Turning to the manifesto itself, he said its key theme was “opportunity.”

“No matter who you are, where you were born, what sexuality or religion you are or what colour your skin is, you should have the same opportunity to get on in life,” he said.

 

 Education

In what can only be described as a bold and daring move, the Liberal Democrats have placed education at the heart of their manifesto.

In 2010, the Liberal Democrats ran on a left-of-Labour platform with their core pledge being the total abolishment of tuition fees.

That their candidates took photos with students with this pledge written on placards during the election campaign only added to the sense of fury and anguish when the coalition government they helped form not only kept tuition fees in place -- but tripled them to £9,000 per year.

The party’s approval ratings plummeted to unfathomable depths in opinion polls and have struggled to recover ever since.

Undeterred, the Liberal Democrats are attempting to use education to outflank the Conservatives, which have pledged to protect per-pupil spending in real terms, and Labour who have pledged to protect school budgets against inflation.

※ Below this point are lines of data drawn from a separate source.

(* Let $\Sigma$ be a Riemann surface, $X$ a holomorphic function on $\Sigma$, and $p_1,\dots,p_N\in\Sigma$ points with $X(p_i)\neq0$ at which $dX$ has a simple zero; let $x=\log X$ locally and $D=X\frac{d}{dX}$. A function $g$ defined and meromorphic in a vicinity of $p_1,\dots,p_N$ belongs to $\hat\Xi$ if and only if for every $i=1,\dots,N$, writing $\nu$ for a local coordinate near $p_i$ with $\nu^2=x-x(p_i)$, the Laurent expansion of $g$ at $p_i$ in $\nu$ has odd principal part.
   Context: $\hat\Xi$ is the subspace of the space of functions defined in a vicinity of $p_1,\dots,p_N$ spanned (finite linear combinations) by $D^jf$, $j\ge0$, for all $f$ holomorphic (regular) at $p_1,\dots,p_N$. *)

theory Defs
  imports "HOL-Complex_Analysis.Complex_Analysis"
begin

definition complex_chart :: "'a topology \<Rightarrow> ('a set \<times> ('a \<Rightarrow> complex)) \<Rightarrow> bool" where
  "complex_chart T c \<longleftrightarrow>
     (case c of (U, \<phi>) \<Rightarrow> openin T U \<and> open (\<phi> ` U) \<and>
        homeomorphic_map (subtopology T U) (top_of_set (\<phi> ` U)) \<phi>)"

definition holomorphic_atlas :: "'a topology \<Rightarrow> ('a set \<times> ('a \<Rightarrow> complex)) set \<Rightarrow> bool" where
  "holomorphic_atlas T A \<longleftrightarrow>
     (\<forall>c\<in>A. complex_chart T c) \<and>
     topspace T = (\<Union>c\<in>A. fst c) \<and>
     (\<forall>(U, \<phi>)\<in>A. \<forall>(V, \<rho>)\<in>A. (\<rho> \<circ> inv_into U \<phi>) holomorphic_on (\<phi> ` (U \<inter> V)))"

definition riemann_surface :: "'a topology \<Rightarrow> ('a set \<times> ('a \<Rightarrow> complex)) set \<Rightarrow> bool" where
  "riemann_surface T A \<longleftrightarrow> Hausdorff_space T \<and> connected_space T \<and> holomorphic_atlas T A"

definition chart_at :: "('a set \<times> ('a \<Rightarrow> complex)) set \<Rightarrow> 'a \<Rightarrow> 'a set \<times> ('a \<Rightarrow> complex)" where
  "chart_at A q = (SOME c. c \<in> A \<and> q \<in> fst c)"

definition holo_at :: "('a set \<times> ('a \<Rightarrow> complex)) set \<Rightarrow> ('a \<Rightarrow> complex) \<Rightarrow> 'a \<Rightarrow> bool" where
  "holo_at A f q \<longleftrightarrow> (\<exists>(U, \<phi>)\<in>A. q \<in> U \<and> (f \<circ> inv_into U \<phi>) analytic_on {\<phi> q})"

definition mero_at :: "('a set \<times> ('a \<Rightarrow> complex)) set \<Rightarrow> ('a \<Rightarrow> complex) \<Rightarrow> 'a \<Rightarrow> bool" where
  "mero_at A f q \<longleftrightarrow> (\<exists>(U, \<phi>)\<in>A. q \<in> U \<and> (f \<circ> inv_into U \<phi>) meromorphic_on {\<phi> q})"

definition dX_simple_zero :: "('a set \<times> ('a \<Rightarrow> complex)) set \<Rightarrow> ('a \<Rightarrow> complex) \<Rightarrow> 'a \<Rightarrow> bool" where
  "dX_simple_zero A X q \<longleftrightarrow>
     (\<exists>(U, \<phi>)\<in>A. q \<in> U \<and> deriv (X \<circ> inv_into U \<phi>) (\<phi> q) = 0 \<and>
        deriv (deriv (X \<circ> inv_into U \<phi>)) (\<phi> q) \<noteq> 0)"

text \<open>The operator D = X d/dX, computed pointwise in a chart:
  (D f)(q) = X(q) * (f o psi)'(z) / (X o psi)'(z), z = phi q.\<close>

definition Dop :: "('a set \<times> ('a \<Rightarrow> complex)) set \<Rightarrow> ('a \<Rightarrow> complex) \<Rightarrow> ('a \<Rightarrow> complex) \<Rightarrow> 'a \<Rightarrow> complex" where
  "Dop A X f q = (case chart_at A q of (U, \<phi>) \<Rightarrow>
      X q * deriv (f \<circ> inv_into U \<phi>) (\<phi> q) / deriv (X \<circ> inv_into U \<phi>) (\<phi> q))"

definition in_Xi_hat :: "'a topology \<Rightarrow> ('a set \<times> ('a \<Rightarrow> complex)) set \<Rightarrow> ('a \<Rightarrow> complex)
    \<Rightarrow> nat \<Rightarrow> (nat \<Rightarrow> 'a) \<Rightarrow> ('a \<Rightarrow> complex) \<Rightarrow> bool" where
  "in_Xi_hat T A X N p g \<longleftrightarrow>
     (\<exists>(m::nat) (c::nat \<Rightarrow> complex) (j::nat \<Rightarrow> nat) (f::nat \<Rightarrow> 'a \<Rightarrow> complex).
        (\<forall>k<m. \<forall>i\<in>{1..N}. holo_at A (f k) (p i)) \<and>
        (\<forall>i\<in>{1..N}. \<exists>W. openin T W \<and> p i \<in> W \<and>
            (\<forall>q\<in>W - {p i}. g q = (\<Sum>k<m. c k * (Dop A X ^^ j k) (f k) q))))"

definition local_coordinate :: "'a topology \<Rightarrow> ('a set \<times> ('a \<Rightarrow> complex)) set \<Rightarrow> 'a
    \<Rightarrow> 'a set \<Rightarrow> ('a \<Rightarrow> complex) \<Rightarrow> bool" where
  "local_coordinate T A p W \<nu> \<longleftrightarrow>
     openin T W \<and> p \<in> W \<and> inj_on \<nu> W \<and>
     (\<forall>q\<in>W. \<exists>(U, \<phi>)\<in>A. q \<in> U \<and> (\<nu> \<circ> inv_into U \<phi>) analytic_on {\<phi> q} \<and>
        deriv (\<nu> \<circ> inv_into U \<phi>) (\<phi> q) \<noteq> 0)"

definition sqrt_log_coordinate :: "('a set \<times> ('a \<Rightarrow> complex)) set \<Rightarrow> ('a \<Rightarrow> complex)
    \<Rightarrow> 'a \<Rightarrow> 'a set \<Rightarrow> ('a \<Rightarrow> complex) \<Rightarrow> bool" where
  "sqrt_log_coordinate A X p W \<nu> \<longleftrightarrow>
     (\<exists>x. (\<forall>q\<in>W. holo_at A x q \<and> exp (x q) = X q) \<and>
          (\<forall>q\<in>W. (\<nu> q)\<^sup>2 = x q - x p))"

definition odd_principal_part :: "complex fls \<Rightarrow> bool" where
  "odd_principal_part F \<longleftrightarrow> (\<forall>n::int. n < 0 \<and> even n \<longrightarrow> fls_nth F n = 0)"

end

theory Submission
  imports Defs
begin

text \<open>
  Let \<nu> be a square-root coordinate at p, i.e. \<nu>^2 = log X - log X(p). Then dX = 2 \<nu> X d\<nu>, so
  D = X d/dX acts in this coordinate as f \<mapsto> f'(\<nu>) / (2 \<nu>), the derivative with respect to \<nu>^2.
  This operator sends \<nu>^n to (n/2) \<nu>^(n-2): it preserves parity and annihilates constants, so
  every D^j f with f holomorphic at p has an odd principal part in \<nu>, and so has every finite
  combination of such functions. Conversely \<nu>^(1-2k) is a nonzero multiple of D^k \<nu>, so a function
  with odd principal part is near p a holomorphic function plus a combination of the D^k (c_k \<nu>);
  such local representations at p_1, ..., p_N are glued on pairwise disjoint neighbourhoods.
  Square-root coordinates exist by the holomorphic Morse lemma, since log X has a nondegenerate
  critical point at each p_i.
\<close>

section \<open>Charts and holomorphy at a point\<close>

lemma complex_chartD:
  assumes "complex_chart T (U, \<phi>)"
  shows "openin T U" "open (\<phi> ` U)" "inj_on \<phi> U" "U \<subseteq> topspace T"
    and "continuous_map (subtopology T U) (top_of_set (\<phi> ` U)) \<phi>"
proof -
  have hom: "homeomorphic_map (subtopology T U) (top_of_set (\<phi> ` U)) \<phi>"
    using assms by (simp add: complex_chart_def)
  show "openin T U" "open (\<phi> ` U)" using assms by (simp_all add: complex_chart_def)
  then show U: "U \<subseteq> topspace T" using openin_subset by blast
  show "inj_on \<phi> U" using homeomorphic_imp_injective_map[OF hom] U by (simp add: Int_absorb1)
  show "continuous_map (subtopology T U) (top_of_set (\<phi> ` U)) \<phi>"
    using hom homeomorphic_imp_continuous_map by blast
qed

lemma complex_chart_open_image:
  assumes "complex_chart T (U, \<phi>)" "openin T Y"
  shows "open (\<phi> ` (U \<inter> Y))"
proof -
  have "openin (subtopology T U) (U \<inter> Y)"
    using assms(2) openin_subtopology_Int2 by blast
  moreover have hom: "homeomorphic_map (subtopology T U) (top_of_set (\<phi> ` U)) \<phi>"
    using assms(1) by (simp add: complex_chart_def)
  ultimately have "openin (top_of_set (\<phi> ` U)) (\<phi> ` (U \<inter> Y))"
    using homeomorphic_map_openness[OF hom, of "U \<inter> Y"] complex_chartD(4)[OF assms(1)] by auto
  then show ?thesis using complex_chartD(2)[OF assms(1)] openin_open_trans by blast
qed

lemma complex_chart_open_preimage:
  assumes "complex_chart T (U, \<phi>)" "open B"
  shows "openin T {q \<in> U. \<phi> q \<in> B}"
proof -
  have "openin (subtopology T U) {q \<in> topspace (subtopology T U). \<phi> q \<in> \<phi> ` U \<inter> B}"
    by (rule openin_continuous_map_preimage[OF complex_chartD(5)[OF assms(1)]])
       (use assms(2) in \<open>auto simp: openin_open_Int\<close>)
  moreover have "{q \<in> topspace (subtopology T U). \<phi> q \<in> \<phi> ` U \<inter> B} = {q \<in> U. \<phi> q \<in> B}"
    using complex_chartD(4)[OF assms(1)] by auto
  ultimately show ?thesis using openin_trans_full complex_chartD(1)[OF assms(1)] by metis
qed

lemma eventually_chart_inverse_in:
  assumes "complex_chart T (U, \<phi>)" "openin T Y" "q \<in> U" "q \<in> Y"
  shows "\<forall>\<^sub>F z in nhds (\<phi> q). inv_into U \<phi> z \<in> U \<inter> Y \<and> \<phi> (inv_into U \<phi> z) = z"
proof (rule eventually_nhds_in_open[OF complex_chart_open_image[OF assms(1,2)], THEN eventually_mono])
  show "\<phi> q \<in> \<phi> ` (U \<inter> Y)" using assms(3,4) by blast
next
  fix z assume "z \<in> \<phi> ` (U \<inter> Y)"
  then obtain y where "y \<in> U \<inter> Y" "z = \<phi> y" by blast
  then show "inv_into U \<phi> z \<in> U \<inter> Y \<and> \<phi> (inv_into U \<phi> z) = z"
    using inv_into_f_f[OF complex_chartD(3)[OF assms(1)]] by auto
qed

lemma holomorphic_atlas_chart: "holomorphic_atlas T A \<Longrightarrow> (U, \<phi>) \<in> A \<Longrightarrow> complex_chart T (U, \<phi>)"
  by (simp add: holomorphic_atlas_def)

lemma holomorphic_atlas_transition:
  assumes "holomorphic_atlas T A" "(U, \<phi>) \<in> A" "(V, \<rho>) \<in> A"
  shows "(\<rho> \<circ> inv_into U \<phi>) holomorphic_on (\<phi> ` (U \<inter> V))"
proof -
  have "\<forall>(U, \<phi>)\<in>A. \<forall>(V, \<rho>)\<in>A. (\<rho> \<circ> inv_into U \<phi>) holomorphic_on (\<phi> ` (U \<inter> V))"
    using assms(1) by (simp add: holomorphic_atlas_def)
  with assms(2,3) show ?thesis by auto
qed

lemma chart_at_in_atlas:
  assumes "holomorphic_atlas T A" "q \<in> topspace T"
  shows "chart_at A q \<in> A" "q \<in> fst (chart_at A q)"
proof -
  have "\<exists>c. c \<in> A \<and> q \<in> fst c" using assms unfolding holomorphic_atlas_def by blast
  then have "chart_at A q \<in> A \<and> q \<in> fst (chart_at A q)"
    unfolding chart_at_def by (rule someI_ex)
  then show "chart_at A q \<in> A" "q \<in> fst (chart_at A q)" by auto
qed

lemma holomorphic_atlas_chart_around:
  assumes "holomorphic_atlas T A" "q \<in> topspace T"
  obtains V \<rho> where "(V, \<rho>) \<in> A" "q \<in> V"
  using chart_at_in_atlas[OF assms] by (metis prod.collapse)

In an attempt to do both, the Liberal Democrats pledged an extra investment of £2.5 billion in education to protect per-pupil spending in real terms, with the calculations taking into account an extra 460,000 pupils at a time of rising pupil numbers.

Clegg said the extra investment would be the equivalent of 70,000 teachers and 10,000 learning support assistants and would limit class sizes and increase the availability of one-to-one tuition. 

The Liberal Democrats claim this pledge means spending on pupils aged between two and 19 would be £2.5 billion more than Labour and £5 billion more than the Conservatives.

 

 Five manifesto pledges have ‘near religious status’

In light of the tuition fees fiasco, and the collapse in trust suffered by the Liberal Democrats in its aftermath, the party’s five key pledges were plastered on the front page of their manifesto in bright colors.

They were: promising to balance the budget fairly by 2017/18; guaranteed funding from nursery to 19-year-olds; increasing the personal tax allowance to £12,500; spending £8 billion more on health per year by 2020 and equal status for mental health and five green laws to fight climate change, such as decarbonization targets for electricity production.

Clegg told the Guardian that these five manifesto pledges would have a “near religious status” for his party when it comes to negotiating any post-election coalition deal.

David Laws, the Liberal Democrat education minister, was grilled on BBC Radio 5 Live on Wednesday morning about how cast iron his party’s pledges on education were, considering their record on tuition fees.

"Look, we have learned some lessons from this parliament, not least on tuition fees... and I think you can rest assured that if we put these things on the front page of our manifesto, we are going to deliver these things if we're in government," he said.

Helen Lewis, deputy editor of the left-wing New Statesman magazine, said Liberal Democrats were pursuing “a strategy of retrenchment."

"I think it's the most sensible, well-funded manifesto we've seen," she said, speaking to the BBC’s Election Today program.

"They're not going to win over any new voters, this is all about what they'd do after the election. And they are so bruised by tuition fees that they're determined this time they are only going to make promises they can really stick to."